This documentation is for an out-of-date version of Apache Flink. We recommend you use the latest stable version.
DataStream Connectors #
Predefined Sources and Sinks #
A few basic data sources and sinks are built into Flink and are always available. The predefined data sources include reading from files, directories, and sockets, and ingesting data from collections and iterators. The predefined data sinks support writing to files, to stdout and stderr, and to sockets.
Bundled Connectors #
Connectors provide code for interfacing with various third-party systems. Currently these systems are supported:
- Apache Kafka (source/sink)
- Apache Cassandra (sink)
- Amazon Kinesis Streams (source/sink)
- Elasticsearch (sink)
- FileSystem (Hadoop included) - Streaming only sink (sink)
- FileSystem (Hadoop included) - Streaming and Batch sink (sink)

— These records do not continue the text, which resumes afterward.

lemma OU_H_solution_split_coordinate:
  fixes e :: "nat \<Rightarrow> 'h::{real_inner,banach,second_countable_topology}"
  assumes prob: "prob_space M" and filt: "filtration_on M F"
    and orth: "\<And>i j. e i \<bullet> e j = (if i = j then 1 else 0)"
    and total: "closure (span (range e)) = UNIV"
    and BM: "cyl_BM M F B" and OU: "OU_H_solution M F e lam B Z"
  obtains S T :: "'w measure" and X :: "real \<Rightarrow> 'w \<Rightarrow> real" and R :: "real \<Rightarrow> 'w \<Rightarrow> 'h"
  where "sets S \<subseteq> sets M" "space S = space M" "sets T \<subseteq> sets M" "space T = space M"
    "prob_space.indep_set M (sets S) (sets T)"
    "\<And>t. t \<ge> 0 \<Longrightarrow> X t \<in> borel_measurable S"
    "\<And>\<omega>. \<omega> \<in> space M \<Longrightarrow> continuous_on {0..} (\<lambda>t. X t \<omega>)"
    "\<And>t. t \<ge> 0 \<Longrightarrow> R t \<in> borel_measurable T"
    "\<And>\<omega>. \<omega> \<in> space M \<Longrightarrow> continuous_on {0..} (\<lambda>t. R t \<omega>)"
    "AE \<omega> in M. \<forall>t\<ge>0. Z t \<omega> \<bullet> e i = X t \<omega> \<and> Z t \<omega> = X t \<omega> *\<^sub>R e i + R t \<omega>"
proof -
  interpret prob_space M by (rule prob)
  define X where "X t \<omega> = ou_path (lam i) (\<lambda>s. B i s \<omega>) t" for t \<omega>
  define R where "R t \<omega> = Z t \<omega> - (Z t \<omega> \<bullet> e i) *\<^sub>R e i" for t \<omega>
  have S: "sets (path_algebra M B {i}) \<subseteq> sets M" "space (path_algebra M B {i}) = space M"
    using sets_path_algebra_subset[OF BM] by auto
  have indep: "indep_set (sets (path_algebra M B {i})) (sets (null_augment M (path_algebra M B (-{i}))))"
    using S indep_set_path_algebra[OF BM, of "{i}" "-{i}"]
    by (intro indep_set_null_augment sets_path_algebra_subset[OF BM]) auto
  have X: "t \<ge> 0 \<Longrightarrow> X t \<in> borel_measurable (path_algebra M B {i})" for t
    unfolding X_def by (rule ou_path_path_algebra_measurable[OF BM]) auto
  have R: "t \<ge> 0 \<Longrightarrow> R t \<in> borel_measurable (null_augment M (path_algebra M B (-{i})))" for t
    unfolding R_def by (rule OU_H_solution_residual_measurable[OF filt orth total BM OU])
  have split: "AE \<omega> in M. \<forall>t\<ge>0. Z t \<omega> \<bullet> e i = X t \<omega> \<and> Z t \<omega> = X t \<omega> *\<^sub>R e i + R t \<omega>"
    using OU_H_solution_coordinate_eq_ou_path[OF BM OU, of i]
    by eventually_elim (simp add: X_def R_def)
  have Xcont: "\<omega> \<in> space M \<Longrightarrow> continuous_on {0..} (\<lambda>t. X t \<omega>)" for \<omega>
    using BM unfolding X_def cyl_BM_def std_BM_def by (intro continuous_on_ou_path) auto
  have Rcont: "\<omega> \<in> space M \<Longrightarrow> continuous_on {0..} (\<lambda>t. R t \<omega>)" for \<omega>
    using OU unfolding R_def OU_H_solution_def by (intro continuous_intros) auto
  show thesis
    by (rule that[OF S sets_null_augment_subset space_null_augment indep X Xcont R Rcont split])
qed

theorem lemma2p2:
  fixes M :: "'w measure" and F :: "real \<Rightarrow> 'w measure"
    and e :: "nat \<Rightarrow> 'h::{real_inner, banach, second_countable_topology}"
    and lam :: "nat \<Rightarrow> real"
    and B :: "nat \<Rightarrow> real \<Rightarrow> 'w \<Rightarrow> real"
    and Z :: "real \<Rightarrow> 'w \<Rightarrow> 'h"
    and C :: real and \<alpha> :: "real \<Rightarrow> real"
  assumes prob: "prob_space M"
    and filt: "filtration_on M F" and usual: "usual_conditions M F"
    and onb_orth: "\<And>i j. e i \<bullet> e j = (if i = j then 1 else 0)"
    and onb_total: "closure (span (range e)) = UNIV"
    and lam_pos: "\<And>n. lam n > 0"
    and trace_class: "summable (\<lambda>n. 1 / lam n)"
    and BM: "cyl_BM M F B"
    and OU: "OU_H_solution M F e lam B Z"
    and C_le: "C \<le> 3"
    and alpha_pos: "\<And>l. l > 0 \<Longrightarrow> \<alpha> l > 0"
    and hyp: "\<And>l (N :: 'w measure) G W Y (b :: real \<Rightarrow> real \<Rightarrow> 'h).
       l > 0 \<Longrightarrow> prob_space N \<Longrightarrow> filtration_on N G \<Longrightarrow> std_BM N G W \<Longrightarrow>
       OU_solution N G l W Y \<Longrightarrow> admissible_drift b \<Longrightarrow>
       (\<integral>\<^sup>+ \<omega>. ennreal (exp (\<alpha> l *
           (norm (LINT t:{0..1}|lborel. frechet_derivative (b t) (at (Y t \<omega>)) 1))\<^sup>2)) \<partial>N)
         \<le> ennreal C"
  shows "\<forall>b :: real \<Rightarrow> 'h \<Rightarrow> 'h. admissible_drift b \<longrightarrow>
           (\<forall>i. (\<integral>\<^sup>+ \<omega>. ennreal (exp (\<alpha> (lam i) *
              (norm (LINT t:{0..1}|lborel. frechet_derivative (b t) (at (Z t \<omega>)) (e i)))\<^sup>2)) \<partial>M)
            \<le> ennreal C)"
proof (intro allI impI)
  fix b :: "real \<Rightarrow> 'h \<Rightarrow> 'h" and i :: nat
  assume adm: "admissible_drift b"
  interpret prob_space M by (rule prob)
  obtain S T X R where S: "sets S \<subseteq> sets M" "space S = space M"
    and T: "sets T \<subseteq> sets M" "space T = space M" and indep: "indep_set (sets S) (sets T)"
    and X: "\<And>t. t \<ge> 0 \<Longrightarrow> X t \<in> borel_measurable S" "\<And>\<omega>. \<omega> \<in> space M \<Longrightarrow> continuous_on {0..} (\<lambda>t. X t \<omega>)"
    and R: "\<And>t. t \<ge> 0 \<Longrightarrow> R t \<in> borel_measurable T" "\<And>\<omega>. \<omega> \<in> space M \<Longrightarrow> continuous_on {0..} (\<lambda>t. R t \<omega>)"
    and split: "AE \<omega> in M. \<forall>t\<ge>0. Z t \<omega> \<bullet> e i = X t \<omega> \<and> Z t \<omega> = X t \<omega> *\<^sub>R e i + R t \<omega>"
    using OU_H_solution_split_coordinate[OF prob filt onb_orth onb_total BM OU, of i] by blast
  let ?E = "\<lambda>y. drift_exp_integrand (\<alpha> (lam i)) b y (e i)"
  have "e i \<noteq> 0" using onb_orth[of i i] by auto
  then have meas: "(\<lambda>p. ?E (\<lambda>t. X t (fst p) *\<^sub>R e i + R t (snd p))) \<in> borel_measurable (S \<Otimes>\<^sub>M T)"
    using S T X R
    by (intro drift_exp_integrand_measurable[OF adm]) (auto simp: space_pair_measure intro!: continuous_intros)
  have "(\<integral>\<^sup>+x. ?E (\<lambda>t. X t x *\<^sub>R e i + R t y) \<partial>M) \<le> C" if y: "y \<in> space M" for y
  proof -
    have "(\<integral>\<^sup>+x. ?E (\<lambda>t. X t x *\<^sub>R e i + R t y) \<partial>M) =
        (\<integral>\<^sup>+x. drift_exp_integrand (\<alpha> (lam i)) (\<lambda>t z. b t (z *\<^sub>R e i + R t y)) (\<lambda>t. Z t x \<bullet> e i) 1 \<partial>M)"
      by (rule nn_integral_cong_AE, use split in eventually_elim)
        (subst drift_exp_integrand_along_line[OF adm], rule drift_exp_integrand_cong, auto)
    also have "\<dots> \<le> C"
      using hyp[OF lam_pos prob filt _ OU_H_solution_coordinate[OF OU]
          admissible_drift_along_line[OF adm continuous_on_subset[OF R(2)[OF y]]]] BM
      by (auto simp: cyl_BM_def drift_exp_integrand_def)
    finally show ?thesis .
  qed
  then have "(\<integral>\<^sup>+x. ?E (\<lambda>t. X t x *\<^sub>R e i + R t x) \<partial>M) \<le> C"
    using indep_set_nn_integral_diag_le[OF S T indep meas] by simp
  moreover have "(\<integral>\<^sup>+\<omega>. ?E (\<lambda>t. Z t \<omega>) \<partial>M) = (\<integral>\<^sup>+x. ?E (\<lambda>t. X t x *\<^sub>R e i + R t x) \<partial>M)"
    by (rule nn_integral_cong_AE, use split in eventually_elim) (rule drift_exp_integrand_cong, auto)
  ultimately show "(\<integral>\<^sup>+ \<omega>. ennreal (exp (\<alpha> (lam i) *
      (norm (LINT t:{0..1}|lborel. frechet_derivative (b t) (at (Z t \<omega>)) (e i)))\<^sup>2)) \<partial>M) \<le> ennreal C"
    by (simp add: drift_exp_integrand_def)
qed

- [FileSystem (Hadoop included) - Batch source] (//nightlies.apache.org/flink/flink-docs-release-1.13/docs/connectors/datastream/formats/) (source)
- RabbitMQ (source/sink)
- Apache NiFi (source/sink)
- Twitter Streaming API (source)
- Google PubSub (source/sink)
- JDBC (sink)
Keep in mind that to use one of these connectors in an application, additional third party components are usually required, e.g. servers for the data stores or message queues. Note also that while the streaming connectors listed in this section are part of the Flink project and are included in source releases, they are not included in the binary distributions. Further instructions can be found in the corresponding subsections.
Filesystem source formats are gradually replaced with new Flink Source API starting with Flink 1.14.0.
Connectors in Apache Bahir #
Additional streaming connectors for Flink are being released through Apache Bahir, including:
- Apache ActiveMQ (source/sink)
- Apache Flume (sink)
- Redis (sink)
- Akka (sink)
- Netty (source)
Other Ways to Connect to Flink #
Data Enrichment via Async I/O #
Using a connector isn’t the only way to get data in and out of Flink.
One common pattern is to query an external database or web service in a Map
or FlatMap
in order to enrich the primary datastream.
Flink offers an API for Asynchronous I/O
to make it easier to do this kind of enrichment efficiently and robustly.
Queryable State #
When a Flink application pushes a lot of data to an external data store, this can become an I/O bottleneck. If the data involved has many fewer reads than writes, a better approach can be for an external application to pull from Flink the data it needs. The Queryable State interface enables this by allowing the state being managed by Flink to be queried on demand.